- _WHAT YOU ARE ASKED TO DO_:
Among the lines below, restate word for word only those from the line with "with the opposite" through the line with "G (sum_list (map", with both end lines kept.

Top of PROVIDED DATA

text \<open>Tensor product over A of a right A-module (M, r) and a left A-module (N, l),
  characterised as the quotient of the free abelian group on M x N by the
  biadditivity and balancing relations: t is biadditive and balanced, its image
  generates, and a formal integer combination maps to 0 iff it lies in the
  relation subgroup.\<close>

definition zsc :: "int \<Rightarrow> 'm::ab_group_add \<Rightarrow> 'm" where
  "zsc k x = (if k \<ge> 0 then (\<Sum>i<nat k. x) else - (\<Sum>i<nat (- k). x))"

definition delta :: "'p \<Rightarrow> 'p \<Rightarrow> int" where
  "delta q = (\<lambda>p. if p = q then 1 else 0)"

inductive tensor_rel :: "('m::ab_group_add \<Rightarrow> 'a::ring_1 \<Rightarrow> 'm) \<Rightarrow> ('a \<Rightarrow> 'n::ab_group_add \<Rightarrow> 'n)
    \<Rightarrow> ('m \<times> 'n \<Rightarrow> int) \<Rightarrow> bool" for r l where
  zero: "tensor_rel r l (\<lambda>_. 0)"
| add: "tensor_rel r l c \<Longrightarrow> tensor_rel r l c' \<Longrightarrow> tensor_rel r l (\<lambda>p. c p + c' p)"
| neg: "tensor_rel r l c \<Longrightarrow> tensor_rel r l (\<lambda>p. - c p)"
| lin1: "tensor_rel r l (\<lambda>p. delta (x + x', y) p - delta (x, y) p - delta (x', y) p)"
| lin2: "tensor_rel r l (\<lambda>p. delta (x, y + y') p - delta (x, y) p - delta (x, y') p)"
| bal: "tensor_rel r l (\<lambda>p. delta (r x a, y) p - delta (x, l a y) p)"

definition tensor_product :: "('m::ab_group_add \<Rightarrow> 'a::ring_1 \<Rightarrow> 'm) \<Rightarrow> ('a \<Rightarrow> 'n::ab_group_add \<Rightarrow> 'n)
    \<Rightarrow> ('m \<Rightarrow> 'n \<Rightarrow> 't::ab_group_add) \<Rightarrow> bool" where
  "tensor_product r l t \<longleftrightarrow>
     (\<forall>x x' y. t (x + x') y = t x y + t x' y) \<and>
     (\<forall>x y y'. t x (y + y') = t x y + t x y') \<and>
     (\<forall>x a y. t (r x a) y = t x (l a y)) \<and>
     (\<forall>z. \<exists>xs. z = sum_list (map (\<lambda>(x, y). t x y) xs)) \<and>
     (\<forall>c. finite {p. c p \<noteq> 0} \<longrightarrow>
        (\<Sum>p | c p \<noteq> 0. zsc (c p) (t (fst p) (snd p))) = 0 \<longrightarrow> tensor_rel r l c)"

definition tensor_grading :: "('m \<Rightarrow> 'n \<Rightarrow> 't::ab_group_add) \<Rightarrow> (bool \<Rightarrow> 'm set) \<Rightarrow> (bool \<Rightarrow> 'n set)
    \<Rightarrow> bool \<Rightarrow> 't set" where
  "tensor_grading t G H p = {z. \<exists>xs. z = sum_list (map (\<lambda>(x, y). t x y) xs) \<and>
      (\<forall>(x, y)\<in>set xs. \<exists>q s. x \<in> G q \<and> y \<in> H s \<and> (q \<noteq> s) = p)}"

end

theory Submission
  imports Defs
begin

text \<open>For homogeneous f of parity p the Leibniz rules give
  D^2(f\<xi>) = D(df \<otimes> \<xi>) + (-1)^p (df \<otimes> D\<xi> + (-1)^p f D^2\<xi>), and
  D(df \<otimes> \<xi>) = D(df) \<otimes> \<xi> + (-1)^(p+1) \<sigma>12(df \<otimes> D\<xi>).
  After applying \<pi>12 the term \<pi>(D(df)) \<otimes> \<xi> vanishes, because torsion-freeness
  gives \<pi>(D(df)) = d(df) = 0, and since \<pi> \<sigma> = \<pi> the two terms in df \<otimes> D\<xi> appear
  with the opposite signs (-1)^(p+1) and (-1)^p and cancel. What remains is f \<pi>12 D^2\<xi>;
  the general case follows by splitting f into its even and odd parts.\<close>

lemma addhom_0: "addhom f \<Longrightarrow> f 0 = 0"
  unfolding addhom_def by (metis add_cancel_left_right)

lemma addhom_uminus:
  assumes "addhom f"
  shows "f (- x) = - f x"
proof -
  have "f (- x) + f x = f (- x + x)" using assms unfolding addhom_def by metis
  also have "\<dots> = 0" using addhom_0[OF assms] by simp
  finally show ?thesis by (simp add: eq_neg_iff_add_eq_0)
qed

lemma addhom_psign: "addhom f \<Longrightarrow> f (psign p x) = psign p (f x)"
  unfolding psign_def by (simp add: addhom_uminus)

lemma addhom_eq_on_tensor_product:
  assumes "tensor_product r l t" and "addhom F" and "addhom G"
    and "\<And>x y. F (t x y) = G (t x y)"
  shows "F z = G z"
proof -
  have "F (sum_list (map (\<lambda>(x, y). t x y) xs)) = G (sum_list (map (\<lambda>(x, y). t x y) xs))" for xs
    using assms(2-4) by (induction xs) (auto simp: addhom_def addhom_0)
  moreover obtain xs where "z = sum_list (map (\<lambda>(x, y). t x y) xs)"
    using assms(1) unfolding tensor_product_def by blast
  ultimately show ?thesis by simp
qed

lemma tensor_product_zero_left:
  assumes "tensor_product r l t"
  shows "t 0 y = 0"
  using assms unfolding tensor_product_def by (metis add_cancel_right_right)

lemma tensor_map_left_linear:
  assumes "tensor_product r l t" and "left_module lT" and "left_module lV" and "addhom F"
    and "\<And>a x y. lT a (t x y) = t (lM a x) y"
    and "\<And>a x y. F (t (lM a x) y) = lV a (F (t x y))"
  shows "F (lT a z) = lV a (F z)"
proof (rule addhom_eq_on_tensor_product[OF assms(1)])
  show "addhom (\<lambda>z. F (lT a z))" and "addhom (\<lambda>z. lV a (F z))"
    using assms(2-4) unfolding addhom_def left_module_def by simp_all
qed (simp add: assms(5,6))

lemma tensor_map_comp_eq:
  assumes "tensor_product r l t" and "addhom P" and "addhom S"
    and "\<And>z y. P (t z y) = h (p z) y" and "\<And>z y. S (t z y) = t (s z) y"
    and "\<And>z. p (s z) = p z"
  shows "P (S w) = P w"
proof (rule addhom_eq_on_tensor_product[OF assms(1)])
  show "addhom (\<lambda>w. P (S w))" using assms(2,3) unfolding addhom_def by simp
qed (simp_all add: assms(2,4-6))

lemma Z2_decomp_addhom_eqI:
  assumes "Z2_decomp G" and "addhom F" and "addhom H"
    and "\<And>p x. x \<in> G p \<Longrightarrow> F x = H x"
  shows "F x = H x"
proof -
  obtain x0 x1 where "x0 \<in> G False" "x1 \<in> G True" "x = x0 + x1"
    using assms(1) unfolding Z2_decomp_def by blast
  then show ?thesis using assms(2-4) unfolding addhom_def by simp
qed

lemma curvature_left_linear_homogeneous:
  assumes D2_add: "addhom D2" and pi12_add: "addhom pi12"
    and f: "f \<in> GA p" and df: "d0 f \<in> G1 (\<not> p)"
    and D1_left: "\<forall>p. \<forall>f\<in>GA p. \<forall>x. D1 (l1 f x) = tt (d0 f) x + psign p (lT2 f (D1 x))"
    and D2_left: "\<forall>p. \<forall>f\<in>GA p. \<forall>z. D2 (lT2 f z) = t1r (d0 f) z + psign p (lT3 f (D2 z))"
    and D2_tensor: "\<forall>q. \<forall>x\<in>G1 q. \<forall>x'.
                     D2 (tt x x') = t12 (D1 x) x' + psign q (sigma12 (t1r x (D1 x')))"
    and exact: "\<And>x. pi12 (t12 (D1 (d0 f)) x) = 0"
    and pi12_sigma12: "\<And>w. pi12 (sigma12 w) = pi12 w"
    and pi12_left: "\<And>w. pi12 (lT3 f w) = lW f (pi12 w)"
  shows "pi12 (D2 (D1 (l1 f x))) = lW f (pi12 (D2 (D1 x)))"
proof -
  have D2_plus: "D2 (u + v) = D2 u + D2 v" and pi12_plus: "pi12 (w + w') = pi12 w + pi12 w'"
    for u v w w' using D2_add pi12_add unfolding addhom_def by blast+
  have D1_fx: "D1 (l1 f x) = tt (d0 f) x + psign p (lT2 f (D1 x))"
    and D2_fz: "D2 (lT2 f (D1 x)) = t1r (d0 f) (D1 x) + psign p (lT3 f (D2 (D1 x)))"
    and D2_dfx: "D2 (tt (d0 f) x) = t12 (D1 (d0 f)) x + psign (\<not> p) (sigma12 (t1r (d0 f) (D1 x)))"
    using D1_left D2_left D2_tensor f df by blast+
  define u where "u = pi12 (t1r (d0 f) (D1 x))"
  have "pi12 (D2 (D1 (l1 f x))) = pi12 (D2 (tt (d0 f) x)) + psign p (pi12 (D2 (lT2 f (D1 x))))"
    unfolding D1_fx D2_plus pi12_plus addhom_psign[OF D2_add] addhom_psign[OF pi12_add] ..
  also have "\<dots> = psign (\<not> p) u + psign p (u + psign p (pi12 (lT3 f (D2 (D1 x)))))"
    unfolding D2_dfx D2_fz pi12_plus addhom_psign[OF pi12_add] exact pi12_sigma12 u_def
    by simp
  also have "\<dots> = pi12 (lT3 f (D2 (D1 x)))"
    unfolding psign_def by (cases p) auto
  finally show ?thesis unfolding pi12_left .
qed

theorem mainTheorem2:
  fixes GA :: "bool \<Rightarrow> 'a::ring_1 set"
    and l1 :: "'a \<Rightarrow> 'o1::ab_group_add \<Rightarrow> 'o1" and r1 :: "'o1 \<Rightarrow> 'a \<Rightarrow> 'o1"
    and G1 :: "bool \<Rightarrow> 'o1 set"
    and l2 :: "'a \<Rightarrow> 'o2::ab_group_add \<Rightarrow> 'o2" and r2 :: "'o2 \<Rightarrow> 'a \<Rightarrow> 'o2"
    and G2 :: "bool \<Rightarrow> 'o2 set"
    and d0 :: "'a \<Rightarrow> 'o1" and d1 :: "'o1 \<Rightarrow> 'o2" and wedge :: "'o1 \<Rightarrow> 'o1 \<Rightarrow> 'o2"
    and tt :: "'o1 \<Rightarrow> 'o1 \<Rightarrow> 't2::ab_group_add"
    and lT2 :: "'a \<Rightarrow> 't2 \<Rightarrow> 't2" and rT2 :: "'t2 \<Rightarrow> 'a \<Rightarrow> 't2"
    and t12 :: "'t2 \<Rightarrow> 'o1 \<Rightarrow> 't3::ab_group_add" and t1r :: "'o1 \<Rightarrow> 't2 \<Rightarrow> 't3"
    and lT3 :: "'a \<Rightarrow> 't3 \<Rightarrow> 't3"
    and tw :: "'o2 \<Rightarrow> 'o1 \<Rightarrow> 'w::ab_group_add" and lW :: "'a \<Rightarrow> 'w \<Rightarrow> 'w"
    and pi :: "'t2 \<Rightarrow> 'o2" and pi12 :: "'t3 \<Rightarrow> 'w"
    and sigma :: "'t2 \<Rightarrow> 't2" and sigma12 :: "'t3 \<Rightarrow> 't3"
    and D1 :: "'o1 \<Rightarrow> 't2" and D2 :: "'t2 \<Rightarrow> 't3"
  assumes calc: "graded_diff_calculus GA l1 r1 G1 l2 r2 G2 d0 d1 wedge"
    \<comment> \<open>Omega^1 (x)_A Omega^1 with its bimodule structure\<close>
    and T2: "tensor_product r1 l1 tt"
    and T2_bimod: "bimodule lT2 rT2"
    and T2_l: "\<forall>a x y. lT2 a (tt x y) = tt (l1 a x) y"
    and T2_r: "\<forall>a x y. rT2 (tt x y) a = tt x (r1 y a)"
    \<comment> \<open>(x)^3 Omega^1, as (Omega^1 (x) Omega^1) (x) Omega^1 = Omega^1 (x) (Omega^1 (x) Omega^1)\<close>
    and T3: "tensor_product rT2 l1 t12"
    and T3': "tensor_product r1 lT2 t1r"
    and T3_assoc: "\<forall>x y z. t1r x (tt y z) = t12 (tt x y) z"
    and T3_lmod: "left_module lT3"
    and T3_l: "\<forall>a z y. lT3 a (t12 z y) = t12 (lT2 a z) y"
    \<comment> \<open>Omega^2 (x)_A Omega^1 with its left module structure\<close>
    and W: "tensor_product r2 l1 tw"
    and W_lmod: "left_module lW"
    and W_l: "\<forall>a w y. lW a (tw w y) = tw (l2 a w) y"
    \<comment> \<open>pi and pi12 = pi (x) 1\<close>
    and pi_add: "addhom pi" and pi_def: "\<forall>x y. pi (tt x y) = wedge x y"
    and pi12_add: "addhom pi12" and pi12_def: "\<forall>z y. pi12 (t12 z y) = tw (pi z) y"
    \<comment> \<open>sigma: left A-linear, pi o (sigma - 1) = 0; sigma12 = sigma (x) 1\<close>
    and sigma_add: "addhom sigma" and sigma_left: "\<forall>a z. sigma (lT2 a z) = lT2 a (sigma z)"
    and pi_sigma: "\<forall>z. pi (sigma z) = pi z"
    and sigma12_add: "addhom sigma12"
    and sigma12_def: "\<forall>z y. sigma12 (t12 z y) = t12 (sigma z) y"
    \<comment> \<open>covariant derivative D on Omega^1 and on (x)^2 Omega^1\<close>
    and D1_add: "addhom D1" and D2_add: "addhom D2"
    and D1_par: "\<forall>p. \<forall>x\<in>G1 p. D1 x \<in> tensor_grading tt G1 G1 (\<not> p)"
    and D2_par: "\<forall>p. \<forall>z\<in>tensor_grading tt G1 G1 p.
                   D2 z \<in> tensor_grading t12 (tensor_grading tt G1 G1) G1 (\<not> p)"
    and D1_left: "\<forall>p. \<forall>f\<in>GA p. \<forall>x. D1 (l1 f x) = tt (d0 f) x + psign p (lT2 f (D1 x))"
    and D2_left: "\<forall>p. \<forall>f\<in>GA p. \<forall>z. D2 (lT2 f z) = t1r (d0 f) z + psign p (lT3 f (D2 z))"
    and D1_right: "\<forall>p q. \<forall>f\<in>GA p. \<forall>x\<in>G1 q.
                     D1 (r1 x f) = psign q (sigma (tt x (d0 f))) + rT2 (D1 x) f"
    and D2_tensor: "\<forall>q. \<forall>x\<in>G1 q. \<forall>x'.
                     D2 (tt x x') = t12 (D1 x) x' + psign q (sigma12 (t1r x (D1 x')))"
    \<comment> \<open>torsion Theta = d - pi o D vanishes on Omega^1\<close>
    and torsionless: "\<forall>x. d1 x - pi (D1 x) = 0"
  shows "\<forall>f x. pi12 (D2 (D1 (l1 f x))) = lW f (pi12 (D2 (D1 x)))"
proof -
  have GA: "Z2_decomp GA" and l1_lmod: "left_module l1" and l2_lmod: "left_module l2"
    and wedge_left: "\<forall>a x y. wedge (l1 a x) y = l2 a (wedge x y)"
    and d0_par: "\<forall>p. \<forall>f\<in>GA p. d0 f \<in> G1 (\<not> p)" and dd: "\<forall>f. d1 (d0 f) = 0"
    using calc unfolding graded_diff_calculus_def Z2_graded_algebra_def graded_bimodule_def
      bimodule_def by auto
  have pi_left: "pi (lT2 a z) = l2 a (pi z)" for a z
    using tensor_map_left_linear[OF T2 _ l2_lmod pi_add] T2_bimod T2_l pi_def wedge_left
    unfolding bimodule_def by simp
  have pi12_left: "pi12 (lT3 a w) = lW a (pi12 w)" for a w
    using tensor_map_left_linear[OF T3 T3_lmod W_lmod pi12_add] T3_l pi12_def pi_left W_l by simp
  have pi12_sigma12: "pi12 (sigma12 w) = pi12 w" for w
    using tensor_map_comp_eq[OF T3 pi12_add sigma12_add, of tw pi sigma] pi12_def sigma12_def pi_sigma
    by simp
  have exact: "pi12 (t12 (D1 (d0 f)) x) = 0" for f x
  proof -
    have "pi (D1 (d0 f)) = d1 (d0 f)" using torsionless by simp
    then show ?thesis using dd pi12_def tensor_product_zero_left[OF W] by simp
  qed
  show ?thesis
  proof (intro allI)
    fix f x
    show "pi12 (D2 (D1 (l1 f x))) = lW f (pi12 (D2 (D1 x)))"
    proof (rule Z2_decomp_addhom_eqI[OF GA, where F="\<lambda>f. pi12 (D2 (D1 (l1 f x)))"])
      show "addhom (\<lambda>f. pi12 (D2 (D1 (l1 f x))))" and "addhom (\<lambda>f. lW f (pi12 (D2 (D1 x))))"
        using l1_lmod W_lmod D1_add D2_add pi12_add unfolding left_module_def addhom_def by simp_all
      show "pi12 (D2 (D1 (l1 g x))) = lW g (pi12 (D2 (D1 x)))" if g: "g \<in> GA p" for g p
        by (rule curvature_left_linear_homogeneous[OF D2_add pi12_add g _ D1_left D2_left D2_tensor])
          (use d0_par g exact pi12_sigma12 pi12_left in blast)+
    qed
  qed
qed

Bottom of PROVIDED DATA

- _YOUR RESPONSE_:
  with the opposite signs (-1)^(p+1) and (-1)^p and cancel. What remains is f \<pi>12 D^2\<xi>;
  the general case follows by splitting f into its even and odd parts.\<close>

lemma addhom_0: "addhom f \<Longrightarrow> f 0 = 0"
  unfolding addhom_def by (metis add_cancel_left_right)

lemma addhom_uminus:
  assumes "addhom f"
  shows "f (- x) = - f x"
proof -
  have "f (- x) + f x = f (- x + x)" using assms unfolding addhom_def by metis
  also have "\<dots> = 0" using addhom_0[OF assms] by simp
  finally show ?thesis by (simp add: eq_neg_iff_add_eq_0)
qed

lemma addhom_psign: "addhom f \<Longrightarrow> f (psign p x) = psign p (f x)"
  unfolding psign_def by (simp add: addhom_uminus)

lemma addhom_eq_on_tensor_product:
  assumes "tensor_product r l t" and "addhom F" and "addhom G"
    and "\<And>x y. F (t x y) = G (t x y)"
  shows "F z = G z"
proof -
  have "F (sum_list (map (\<lambda>(x, y). t x y) xs)) = G (sum_list (map (\<lambda>(x, y). t x y) xs))" for xs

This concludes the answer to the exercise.